Work required:
When scanning the data, count every line with "that" in it, and report only the resulting number.

══ Supplied records

(* Let $0<a<b<1$ and $\varrho\ge0$ a function on $[a,b]$ with $\varrho/\zeta$ non-decreasing and bounded. Let $(u,\lambda)$, $u\in C^{0,1}([a,b])$, solve $u'+(\frac1x+\widetilde\varrho)u+\lambda\zeta=0$ a.e. on $(a,b)$ with $u(a)=1$, $u(b)=-1$, and assume $u>-1$ on $[a,b)$. Set $v:=-u$. Then (i) $\mu_u(t)\le\mu_v(t)$ for every $t\in(0,1)$; (ii) if $\varrho\not\equiv0$ on $[a,b)$, then $\mu_u(t)<\mu_v(t)$ for every $t\in(0,1)$.
   Context: $\zeta(t)=\frac2{1-t^2}$, $\widetilde\varrho(t)=t\zeta(t)+\varrho(t)$. $\mu$ is the measure $dx/x$ on $(0,\infty)$, and for a function $u$ on $[a,b]$, $\mu_u(t):=\mu(\{x\in[a,b]:u(x)>t\})$ for $t>0$. *)

theory Defs
  imports "HOL-Analysis.Analysis"
begin

definition zeta :: "real \<Rightarrow> real" where
  "zeta t = 2 / (1 - t\<^sup>2)"

definition rho_tilde :: "(real \<Rightarrow> real) \<Rightarrow> real \<Rightarrow> real" where
  "rho_tilde \<rho> t = t * zeta t + \<rho> t"

text \<open>The measure dx/x on (0,infinity), realised as a measure on the reals
  with density 1/x on (0,infinity) and 0 elsewhere.\<close>
definition mu :: "real measure" where
  "mu = density lborel (\<lambda>x. ennreal (indicator {0<..} x / x))"

definition mu_dist :: "(real \<Rightarrow> real) \<Rightarrow> real \<Rightarrow> real \<Rightarrow> real \<Rightarrow> ennreal" where
  "mu_dist u a b t = emeasure mu {x \<in> {a..b}. u x > t}"

end

theory Submission
  imports Defs
begin

text \<open>
  For \<open>\<rho> = 0\<close> the problem is solved by \<open>U0 x = (ab/x - x)/(b - a)\<close> with
  \<open>\<lambda> = l0 = (1 - ab)/(b - a)\<close>, and \<open>U0 (ab/x) = - U0 x\<close>. The reflection \<open>x \<mapsto> ab/x\<close>
  preserves \<open>dx/x\<close>, so \<open>{U0 > t} = [a, X)\<close> and \<open>{-U0 > t} = (ab/X, b]\<close> have the same
  measure \<open>ln (X/a)\<close>. The theorem therefore follows from the comparison \<open>u \<le> U0\<close>, strict in
  \<open>(a, b)\<close> when \<open>\<rho> \<noteq> 0\<close>.

  With the integrating factors \<open>\<kappa> = x \<zeta> / 2\<close> and \<open>E = exp (\<integral> \<rho>)\<close>, the function
  \<open>Q = \<kappa> E (U0 - u)\<close> vanishes at \<open>a\<close> and \<open>b\<close>, and \<open>Q' = E \<kappa> \<zeta> (m U0 + \<lambda> - l0)\<close>
  with \<open>m = \<rho>/\<zeta>\<close> non-decreasing. Once \<open>\<lambda> \<ge> l0\<close>, the factor \<open>m U0 + \<lambda> - l0\<close> changes
  sign at most once, from \<open>+\<close> to \<open>-\<close>, hence \<open>Q \<ge> 0\<close>. The inequality \<open>\<lambda> \<ge> l0\<close> (strict
  when \<open>\<rho> \<noteq> 0\<close>) comes from comparing the first integral \<open>\<kappa> E u + \<lambda> \<integral> E \<kappa> \<zeta>\<close> of the
  equation with the same expression for \<open>U0\<close> and \<open>l0\<close>: at \<open>b\<close> they differ by a positive
  multiple of \<open>\<lambda> - l0\<close>, and the difference is also the integral of a non-decreasing weight
  times \<open>U0/x\<close>, a function that changes sign once, at \<open>\<surd>(ab)\<close>, and has integral zero.

  Since \<open>u\<close> is only Lipschitz and \<open>\<rho>\<close> only monotone, all these functions are differentiable
  merely almost everywhere; monotonicity is recovered from the a.e. sign of the derivative
  through the fact that pointwise Lipschitz functions map null sets to null sets.
\<close>

section \<open>Pointwise Lipschitz functions\<close>

definition pointwise_lipschitz_on :: "real set \<Rightarrow> (real \<Rightarrow> real) \<Rightarrow> bool" where
  "pointwise_lipschitz_on S f \<longleftrightarrow>
     (\<forall>x\<in>S. \<exists>B>0. \<forall>\<^sub>F y in at x within S. \<bar>f y - f x\<bar> \<le> B * \<bar>y - x\<bar>)"

lemma pointwise_lipschitz_onI:
  assumes "\<And>x. x \<in> S \<Longrightarrow> \<exists>B>0. \<forall>\<^sub>F y in at x within S. \<bar>f y - f x\<bar> \<le> B * \<bar>y - x\<bar>"
  shows "pointwise_lipschitz_on S f"
  using assms unfolding pointwise_lipschitz_on_def by blast

lemma pointwise_lipschitz_onE:
  assumes "pointwise_lipschitz_on S f" "x \<in> S"
  obtains B where "B > 0" "\<forall>\<^sub>F y in at x within S. \<bar>f y - f x\<bar> \<le> B * \<bar>y - x\<bar>"
  using assms unfolding pointwise_lipschitz_on_def by blast

lemma pointwise_lipschitz_on_subset:
  "pointwise_lipschitz_on T f \<Longrightarrow> S \<subseteq> T \<Longrightarrow> pointwise_lipschitz_on S f"
  unfolding pointwise_lipschitz_on_def using filter_leD[OF at_le] by blast
lemma Min_ind:
  assumes "S \<noteq> {}"
  shows "Min (ind A ` (S::'n::finite set)) = (if S \<subseteq> A then 1 else 0)"
proof (cases "S \<subseteq> A")
  case True
  then have "ind A ` S = {1}" using assms by (auto simp: ind_def)
  then show ?thesis using True by simp
next
  case False
  then obtain j where "j \<in> S" "j \<notin> A" by auto
  then have "Min (ind A ` S) = 0" by (intro Min_eqI) (auto simp: ind_def)
  then show ?thesis using False by simp
qed

lemma lovasz_mobius_ind: "lovasz_mobius \<psi> (ind (A::'n::finite set)) = \<psi> (ind A)"
proof -
  have "(\<Sum>S\<in>{S. S \<noteq> {}}. mobius \<psi> S * Min (ind A ` S))
      = (\<Sum>S\<in>{S. S \<noteq> {}}. if S \<subseteq> A then mobius \<psi> S else 0)"
    by (rule sum.cong) (auto simp: Min_ind)
  also have "\<dots> = (\<Sum>S\<in>Pow A - {{}}. mobius \<psi> S)"
    by (simp add: sum.If_cases Int_def conj_commute Diff_eq)
  also have "\<dots> = \<psi> (ind A) - \<psi> (ind {})"
    by (simp add: sum_diff1 mobius_inversion) (simp add: mobius_def)
  finally show ?thesis by (simp add: lovasz_mobius_def)
qed

lemma lovasz_mobius_ray:
  assumes "0 \<le> r"
  shows "lovasz_mobius \<psi> (\<lambda>j. r * ind (A::'n::finite set) j)
         = \<psi> (ind {}) + r * (\<psi> (ind A) - \<psi> (ind {}))"
proof -
  have Min_scale: "Min ((\<lambda>j. r * ind A j) ` S) = r * Min (ind A ` S)" if "S \<noteq> {}" for S
  proof -
    have "mono (\<lambda>y::real. r * y)" using assms by (auto intro: monoI mult_left_mono)
    then have "r * Min (ind A ` S) = Min ((\<lambda>y. r * y) ` ind A ` S)"
      by (rule mono_Min_commute) (use that in auto)
    then show ?thesis by (simp add: image_image)
  qed
  have "(\<Sum>S\<in>{S. S \<noteq> {}}. mobius \<psi> S * Min ((\<lambda>j. r * ind A j) ` S))
      = r * (\<Sum>S\<in>{S. S \<noteq> {}}. mobius \<psi> S * Min (ind A ` S))"
    by (simp add: sum_distrib_left Min_scale mult_ac)
  also have "\<dots> = r * (\<psi> (ind A) - \<psi> (ind {}))"
    using lovasz_mobius_ind[of \<psi> A] by (simp add: lovasz_mobius_def)
  finally show ?thesis by (simp add: lovasz_mobius_def)
qed
(* Let $\Omega$ be a finite search space. Let $S=\{\phi_i\}_{i}$ be a countable set of decomposable probability-of-success metrics and let $\mathcal{D}$ be a probability distribution over $S$. Then the metric $$\phi'(t,f)=\mathbb{E}_{\phi\sim\mathcal{D}}[\phi(t,f)]=\sum_i \mathcal{D}(\phi_i)\,\phi_i(t,f)$$ is also a decomposable probability-of-success metric.
   Context: A probability-of-success metric $\phi$ assigns to each target set $t\subseteq\Omega$ and information resource $f$ a success probability. It is called decomposable if for each $f$ there exists a probability vector $\mathbf{P}_{\phi,f}\in\mathbb{R}^{|\Omega|}$ (nonnegative entries summing to $1$), not a function of $t$, such that $\phi(t,f)=\mathbf{t}^\top\mathbf{P}_{\phi,f}$ for all $t\subseteq\Omega$, where $\mathbf{t}\in\{0,1\}^{|\Omega|}$ is the indicator vector of $t$. *)

theory Defs
  imports "HOL-Probability.Probability"
begin

text \<open>The search space \<Omega> is the finite type 'w; a target set is t :: 'w set, whose
indicator vector dotted with P is the sum of P over t. A metric maps a target set
and an information resource (of type 'f) to a success probability.\<close>

definition decomposable :: "('w::finite set \<Rightarrow> 'f \<Rightarrow> real) \<Rightarrow> bool" where
  "decomposable \<phi> \<longleftrightarrow>
     (\<forall>f. \<exists>P :: 'w \<Rightarrow> real. (\<forall>w. 0 \<le> P w) \<and> (\<Sum>w\<in>UNIV. P w) = 1 \<and>
          (\<forall>t. \<phi> t f = (\<Sum>w\<in>t. P w)))"

end

theory Submission
  imports Defs
begin

text \<open>A decomposable metric is determined, for each resource f, by a probability vector on
\<Omega>. Choosing such a vector Q \<phi> for every \<phi> in the support of D, the pointwise
expectation of Q \<phi> is again a probability vector, and by linearity of expectation over the
finite sum defining \<phi> t f it represents the averaged metric.\<close>

definition prob_vector :: "('w::finite \<Rightarrow> real) \<Rightarrow> bool" where
  "prob_vector P \<longleftrightarrow> (\<forall>w. 0 \<le> P w) \<and> (\<Sum>w\<in>UNIV. P w) = 1"

lemma decomposable_iff_prob_vector:
  "decomposable \<phi> \<longleftrightarrow> (\<forall>f. \<exists>P. prob_vector P \<and> (\<forall>t. \<phi> t f = (\<Sum>w\<in>t. P w)))"
  unfolding decomposable_def prob_vector_def by simp

lemma prob_vector_bounded:
  assumes "prob_vector P"
  shows "0 \<le> P w" and "P w \<le> 1"
proof -
  show "0 \<le> P w" using assms by (simp add: prob_vector_def)
  have "P w \<le> (\<Sum>w\<in>UNIV. P w)"
    by (rule member_le_sum) (use assms in \<open>auto simp: prob_vector_def\<close>)
  then show "P w \<le> 1" using assms by (simp add: prob_vector_def)
qed

lemma integrable_prob_vector_component:
  assumes "\<forall>x\<in>set_pmf D. prob_vector (Q x)"
  shows "integrable (measure_pmf D) (\<lambda>x. Q x w)"
proof (rule measure_pmf.integrable_const_bound[where B = 1])
  have "\<bar>Q x w\<bar> \<le> 1" if "x \<in> set_pmf D" for x
    using prob_vector_bounded[of "Q x" w] assms that by simp
  then show "AE x in measure_pmf D. norm (Q x w) \<le> 1"
    by (simp add: AE_measure_pmf_iff)
qed simp

lemma expectation_sum_prob_vector:
  assumes "\<forall>x\<in>set_pmf D. prob_vector (Q x)"
  shows "measure_pmf.expectation D (\<lambda>x. \<Sum>w\<in>t. Q x w)
       = (\<Sum>w\<in>t. measure_pmf.expectation D (\<lambda>x. Q x w))"
  by (rule Bochner_Integration.integral_sum) (rule integrable_prob_vector_component[OF assms])

lemma prob_vector_expectation:
  assumes "\<forall>x\<in>set_pmf D. prob_vector (Q x)"
  shows "prob_vector (\<lambda>w. measure_pmf.expectation D (\<lambda>x. Q x w))"
  unfolding prob_vector_def
proof (intro conjI allI)
  fix w
  show "0 \<le> measure_pmf.expectation D (\<lambda>x. Q x w)"
    by (rule integral_nonneg_AE) (use assms prob_vector_bounded in \<open>auto simp: AE_measure_pmf_iff\<close>)
next
  have "(\<Sum>w\<in>UNIV. measure_pmf.expectation D (\<lambda>x. Q x w))
      = measure_pmf.expectation D (\<lambda>x. \<Sum>w\<in>UNIV. Q x w)"
    using expectation_sum_prob_vector[OF assms] by simp
  also have "\<dots> = measure_pmf.expectation D (\<lambda>_. 1)"
    by (rule integral_cong_AE) (use assms in \<open>auto simp: AE_measure_pmf_iff prob_vector_def\<close>)
  finally show "(\<Sum>w\<in>UNIV. measure_pmf.expectation D (\<lambda>x. Q x w)) = 1"
    by simp
qed

theorem lemma3:
  fixes S :: "('w::finite set \<Rightarrow> 'f \<Rightarrow> real) set"
    and D :: "('w set \<Rightarrow> 'f \<Rightarrow> real) pmf"
  assumes "countable S"
    and "\<forall>\<phi>\<in>S. decomposable \<phi>"
    and "set_pmf D \<subseteq> S"
  shows "decomposable (\<lambda>t f. measure_pmf.expectation D (\<lambda>\<phi>. \<phi> t f))"
  unfolding decomposable_iff_prob_vector
proof
  fix f
  have "\<forall>\<phi>\<in>set_pmf D. \<exists>P. prob_vector P \<and> (\<forall>t. \<phi> t f = (\<Sum>w\<in>t. P w))"
    using assms(2,3) by (auto simp: decomposable_iff_prob_vector)
  then obtain Q where Q: "\<forall>\<phi>\<in>set_pmf D. prob_vector (Q \<phi>) \<and> (\<forall>t. \<phi> t f = (\<Sum>w\<in>t. Q \<phi> w))"
    by metis
  then have Q_prob: "\<forall>\<phi>\<in>set_pmf D. prob_vector (Q \<phi>)"
    by blast
  have "measure_pmf.expectation D (\<lambda>\<phi>. \<phi> t f)
      = (\<Sum>w\<in>t. measure_pmf.expectation D (\<lambda>\<phi>. Q \<phi> w))" for t
  proof -
    have "measure_pmf.expectation D (\<lambda>\<phi>. \<phi> t f)
        = measure_pmf.expectation D (\<lambda>\<phi>. \<Sum>w\<in>t. Q \<phi> w)"
      by (rule integral_cong_AE) (use Q in \<open>auto simp: AE_measure_pmf_iff\<close>)
    then show ?thesis
      using expectation_sum_prob_vector[OF Q_prob] by simp
  qed
  with prob_vector_expectation[OF Q_prob]
  show "\<exists>P. prob_vector P \<and> (\<forall>t. measure_pmf.expectation D (\<lambda>\<phi>. \<phi> t f) = (\<Sum>w\<in>t. P w))"
    by blast
qed

end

════

Task answer:
5